PROBLEM: Write out the data again in full, exactly as it reads.

%%

lemma nn_integral_substitution_decreasing:
  fixes f :: "real \<Rightarrow> ennreal"
  assumes [measurable]: "f \<in> borel_measurable borel"
    and deriv: "\<And>x. x \<in> {a..b} \<Longrightarrow> (g has_real_derivative g' x) (at x)"
    and cont: "continuous_on {a..b} g'"
    and nonpos: "\<And>x. x \<in> {a..b} \<Longrightarrow> g' x \<le> 0"
    and "a < b"
    and [measurable]: "g \<in> borel_measurable borel" "g' \<in> borel_measurable borel"
  shows "(\<integral>\<^sup>+x. f x * indicator {g b..g a} x \<partial>lborel) =
         (\<integral>\<^sup>+x. f (g x) * ennreal (- g' x) * indicator {a..b} x \<partial>lborel)"
proof -
  define h h' where "h x = g (- x)" and "h' x = - g' (- x)" for x
  have "(h has_real_derivative h' x) (at x)" if "x \<in> {-b..-a}" for x
  proof -
    have "(g has_real_derivative g' (- x)) (at (- x))" using deriv that by auto
    then have "((\<lambda>x. g (- x)) has_real_derivative g' (- x) * (- 1)) (at x)"
      by (rule DERIV_chain2) (auto intro!: derivative_eq_intros)
    then show ?thesis unfolding h_def h'_def by simp
  qed
  moreover have "continuous_on {-b..-a} h'"
    unfolding h'_def
    by (intro continuous_on_minus continuous_on_compose2[OF cont] continuous_intros) auto
  moreover have "h' x \<ge> 0" if "x \<in> {-b..-a}" for x using nonpos that unfolding h'_def by auto
  ultimately have "(\<integral>\<^sup>+x. f x * indicator {h (-b)..h (-a)} x \<partial>lborel) =
      (\<integral>\<^sup>+x. f (h x) * ennreal (h' x) * indicator {-b..-a} x \<partial>lborel)"
    using nn_integral_substitution_aux[of f "-b" "-a" h h'] \<open>a < b\<close> by simp
  also have "\<dots> = (\<integral>\<^sup>+x. f (h (0 + (-1) * x)) * ennreal (h' (0 + (-1) * x)) *
                     indicator {-b..-a} (0 + (-1) * x) \<partial>lborel)"
    unfolding h_def h'_def by (subst nn_integral_real_affine[where c="-1" and t=0]) auto
  also have "\<dots> = (\<integral>\<^sup>+x. f (g x) * ennreal (- g' x) * indicator {a..b} x \<partial>lborel)"
    unfolding h_def h'_def by (intro nn_integral_cong) (auto simp: indicator_def)
  finally show ?thesis unfolding h_def by simp
qed

lemma nn_integral_mat2_moebius_substitution:
  fixes f :: "real \<Rightarrow> ennreal"
  assumes M: "nonneg_unimodular M" and "0 \<le> a" "a < b" and [measurable]: "f \<in> borel_measurable borel"
  defines "p \<equiv> mat2_moebius M a" and "q \<equiv> mat2_moebius M b"
  shows "(\<integral>\<^sup>+z. f z * indicator {min p q..max p q} z \<partial>lborel) =
         (\<integral>\<^sup>+y. f (mat2_moebius M y) * ennreal (1 / (mat2_denom M y)\<^sup>2) * indicator {a..b} y \<partial>lborel)"
proof -
  have pos: "mat2_denom M y > 0" if "y \<in> {a..b}" for y
    using mat2_denom_pos[OF M] that \<open>0 \<le> a\<close> by simp
  then have deriv: "(mat2_moebius M has_real_derivative mat2_det M / (mat2_denom M y)\<^sup>2) (at y)"
    if "y \<in> {a..b}" for y
    using has_real_derivative_mat2_moebius that by (metis less_irrefl)
  have cont: "continuous_on {a..b} (\<lambda>y. mat2_det M / (mat2_denom M y)\<^sup>2)"
    by (intro continuous_intros) (use pos in fastforce)
  have ends: "mat2_denom M a > 0" "mat2_denom M b > 0" using pos \<open>a < b\<close> by auto
  then have "q - p = mat2_det M * (b - a) / (mat2_denom M b * mat2_denom M a)"
    unfolding p_def q_def by (intro mat2_moebius_diff) auto
  moreover have "mat2_denom M b * mat2_denom M a > 0" using ends by simp
  ultimately consider "mat2_det M = 1" "p \<le> q" | "mat2_det M = -1" "q \<le> p"
    using nonneg_unimodular_det[OF M] \<open>a < b\<close> by (fastforce simp: field_simps)
  then show ?thesis
  proof cases
    case 1
    then show ?thesis
      using nn_integral_substitution_aux[OF _ _ deriv cont _ \<open>a < b\<close>, of f] p_def q_def by simp
  next
    case 2
    then show ?thesis
      using nn_integral_substitution_decreasing[OF _ deriv cont _ \<open>a < b\<close>, of f] p_def q_def
      by simp
  qed
qed

lemma emeasure_mat2_moebius_image_ge:
  assumes M: "nonneg_unimodular M" and ab: "0 \<le> a" "a < b" and [measurable]: "X \<in> sets borel"
    and inv: "\<And>y. y \<in> {a..b} \<Longrightarrow> mat2_moebius M y \<in> X \<longleftrightarrow> y \<in> X"
  defines "p \<equiv> mat2_moebius M a" and "q \<equiv> mat2_moebius M b"
  shows "ennreal (1 / (mat2_denom M b)\<^sup>2) * emeasure lborel (X \<inter> {a..b}) \<le>
         emeasure lborel (X \<inter> {min p q..max p q})"
proof -
  have "ennreal (1 / (mat2_denom M b)\<^sup>2) * emeasure lborel (X \<inter> {a..b}) =
        (\<integral>\<^sup>+y. ennreal (1 / (mat2_denom M b)\<^sup>2) * indicator (X \<inter> {a..b}) y \<partial>lborel)"
    by (simp add: nn_integral_cmult_indicator)
  also have "\<dots> \<le> (\<integral>\<^sup>+y. indicator X (mat2_moebius M y) * ennreal (1 / (mat2_denom M y)\<^sup>2) *
                          indicator {a..b} y \<partial>lborel)"
  proof (intro nn_integral_mono)
    fix y
    show "ennreal (1 / (mat2_denom M b)\<^sup>2) * indicator (X \<inter> {a..b}) y \<le>
          indicator X (mat2_moebius M y) * ennreal (1 / (mat2_denom M y)\<^sup>2) * indicator {a..b} y"
    proof (cases "y \<in> {a..b}")
      case True
      then have "0 < mat2_denom M y" "mat2_denom M y \<le> mat2_denom M b"
        using mat2_denom_pos[OF M] mat2_denom_mono[OF M] ab by auto
      then have "1 / (mat2_denom M b)\<^sup>2 \<le> 1 / (mat2_denom M y)\<^sup>2"
        by (intro divide_left_mono power_mono) auto
      then show ?thesis using True inv[OF True] by (auto simp: indicator_def intro: ennreal_leI)
    qed (auto simp: indicator_def)
  qed
  also have "\<dots> = (\<integral>\<^sup>+z. indicator X z * indicator {min p q..max p q} z \<partial>lborel)"
    unfolding p_def q_def by (rule nn_integral_mat2_moebius_substitution[OF M ab, symmetric]) simp
  also have "\<dots> = emeasure lborel (X \<inter> {min p q..max p q})"
    by (simp add: indicator_inter_arith[symmetric])
  finally show ?thesis .
qed

section \<open>The inverse branches of the OOCF map\<close>

definition oocf_index :: "real \<Rightarrow> nat" where
  "oocf_index x = nat \<lfloor>1 / (1 - x)\<rfloor>"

%%

WRITTEN SOLUTION:
lemma nn_integral_substitution_decreasing:
  fixes f :: "real \<Rightarrow> ennreal"
  assumes [measurable]: "f \<in> borel_measurable borel"
    and deriv: "\<And>x. x \<in> {a..b} \<Longrightarrow> (g has_real_derivative g' x) (at x)"
    and cont: "continuous_on {a..b} g'"
    and nonpos: "\<And>x. x \<in> {a..b} \<Longrightarrow> g' x \<le> 0"
    and "a < b"
    and [measurable]: "g \<in> borel_measurable borel" "g' \<in> borel_measurable borel"
  shows "(\<integral>\<^sup>+x. f x * indicator {g b..g a} x \<partial>lborel) =
         (\<integral>\<^sup>+x. f (g x) * ennreal (- g' x) * indicator {a..b} x \<partial>lborel)"
proof -
  define h h' where "h x = g (- x)" and "h' x = - g' (- x)" for x
  have "(h has_real_derivative h' x) (at x)" if "x \<in> {-b..-a}" for x
  proof -
    have "(g has_real_derivative g' (- x)) (at (- x))" using deriv that by auto
    then have "((\<lambda>x. g (- x)) has_real_derivative g' (- x) * (- 1)) (at x)"
      by (rule DERIV_chain2) (auto intro!: derivative_eq_intros)
    then show ?thesis unfolding h_def h'_def by simp
  qed
  moreover have "continuous_on {-b..-a} h'"
    unfolding h'_def
    by (intro continuous_on_minus continuous_on_compose2[OF cont] continuous_intros) auto
  moreover have "h' x \<ge> 0" if "x \<in> {-b..-a}" for x using nonpos that unfolding h'_def by auto
  ultimately have "(\<integral>\<^sup>+x. f x * indicator {h (-b)..h (-a)} x \<partial>lborel) =
      (\<integral>\<^sup>+x. f (h x) * ennreal (h' x) * indicator {-b..-a} x \<partial>lborel)"
    using nn_integral_substitution_aux[of f "-b" "-a" h h'] \<open>a < b\<close> by simp
  also have "\<dots> = (\<integral>\<^sup>+x. f (h (0 + (-1) * x)) * ennreal (h' (0 + (-1) * x)) *
                     indicator {-b..-a} (0 + (-1) * x) \<partial>lborel)"
    unfolding h_def h'_def by (subst nn_integral_real_affine[where c="-1" and t=0]) auto
  also have "\<dots> = (\<integral>\<^sup>+x. f (g x) * ennreal (- g' x) * indicator {a..b} x \<partial>lborel)"
    unfolding h_def h'_def by (intro nn_integral_cong) (auto simp: indicator_def)
  finally show ?thesis unfolding h_def by simp
qed

lemma nn_integral_mat2_moebius_substitution:
  fixes f :: "real \<Rightarrow> ennreal"
  assumes M: "nonneg_unimodular M" and "0 \<le> a" "a < b" and [measurable]: "f \<in> borel_measurable borel"
  defines "p \<equiv> mat2_moebius M a" and "q \<equiv> mat2_moebius M b"
  shows "(\<integral>\<^sup>+z. f z * indicator {min p q..max p q} z \<partial>lborel) =
         (\<integral>\<^sup>+y. f (mat2_moebius M y) * ennreal (1 / (mat2_denom M y)\<^sup>2) * indicator {a..b} y \<partial>lborel)"
proof -
  have pos: "mat2_denom M y > 0" if "y \<in> {a..b}" for y
    using mat2_denom_pos[OF M] that \<open>0 \<le> a\<close> by simp
  then have deriv: "(mat2_moebius M has_real_derivative mat2_det M / (mat2_denom M y)\<^sup>2) (at y)"
    if "y \<in> {a..b}" for y
    using has_real_derivative_mat2_moebius that by (metis less_irrefl)
  have cont: "continuous_on {a..b} (\<lambda>y. mat2_det M / (mat2_denom M y)\<^sup>2)"
    by (intro continuous_intros) (use pos in fastforce)
  have ends: "mat2_denom M a > 0" "mat2_denom M b > 0" using pos \<open>a < b\<close> by auto
  then have "q - p = mat2_det M * (b - a) / (mat2_denom M b * mat2_denom M a)"
    unfolding p_def q_def by (intro mat2_moebius_diff) auto
  moreover have "mat2_denom M b * mat2_denom M a > 0" using ends by simp
  ultimately consider "mat2_det M = 1" "p \<le> q" | "mat2_det M = -1" "q \<le> p"
    using nonneg_unimodular_det[OF M] \<open>a < b\<close> by (fastforce simp: field_simps)
  then show ?thesis
  proof cases
    case 1
    then show ?thesis
      using nn_integral_substitution_aux[OF _ _ deriv cont _ \<open>a < b\<close>, of f] p_def q_def by simp
  next
    case 2
    then show ?thesis
      using nn_integral_substitution_decreasing[OF _ deriv cont _ \<open>a < b\<close>, of f] p_def q_def
      by simp
  qed
qed

lemma emeasure_mat2_moebius_image_ge:
  assumes M: "nonneg_unimodular M" and ab: "0 \<le> a" "a < b" and [measurable]: "X \<in> sets borel"
    and inv: "\<And>y. y \<in> {a..b} \<Longrightarrow> mat2_moebius M y \<in> X \<longleftrightarrow> y \<in> X"
  defines "p \<equiv> mat2_moebius M a" and "q \<equiv> mat2_moebius M b"
  shows "ennreal (1 / (mat2_denom M b)\<^sup>2) * emeasure lborel (X \<inter> {a..b}) \<le>
         emeasure lborel (X \<inter> {min p q..max p q})"
proof -
  have "ennreal (1 / (mat2_denom M b)\<^sup>2) * emeasure lborel (X \<inter> {a..b}) =
        (\<integral>\<^sup>+y. ennreal (1 / (mat2_denom M b)\<^sup>2) * indicator (X \<inter> {a..b}) y \<partial>lborel)"
    by (simp add: nn_integral_cmult_indicator)
  also have "\<dots> \<le> (\<integral>\<^sup>+y. indicator X (mat2_moebius M y) * ennreal (1 / (mat2_denom M y)\<^sup>2) *
                          indicator {a..b} y \<partial>lborel)"
  proof (intro nn_integral_mono)
    fix y
    show "ennreal (1 / (mat2_denom M b)\<^sup>2) * indicator (X \<inter> {a..b}) y \<le>
          indicator X (mat2_moebius M y) * ennreal (1 / (mat2_denom M y)\<^sup>2) * indicator {a..b} y"
    proof (cases "y \<in> {a..b}")
      case True
      then have "0 < mat2_denom M y" "mat2_denom M y \<le> mat2_denom M b"
        using mat2_denom_pos[OF M] mat2_denom_mono[OF M] ab by auto
      then have "1 / (mat2_denom M b)\<^sup>2 \<le> 1 / (mat2_denom M y)\<^sup>2"
        by (intro divide_left_mono power_mono) auto
      then show ?thesis using True inv[OF True] by (auto simp: indicator_def intro: ennreal_leI)
    qed (auto simp: indicator_def)
  qed
  also have "\<dots> = (\<integral>\<^sup>+z. indicator X z * indicator {min p q..max p q} z \<partial>lborel)"
    unfolding p_def q_def by (rule nn_integral_mat2_moebius_substitution[OF M ab, symmetric]) simp
  also have "\<dots> = emeasure lborel (X \<inter> {min p q..max p q})"
    by (simp add: indicator_inter_arith[symmetric])
  finally show ?thesis .
qed

section \<open>The inverse branches of the OOCF map\<close>

definition oocf_index :: "real \<Rightarrow> nat" where
  "oocf_index x = nat \<lfloor>1 / (1 - x)\<rfloor>"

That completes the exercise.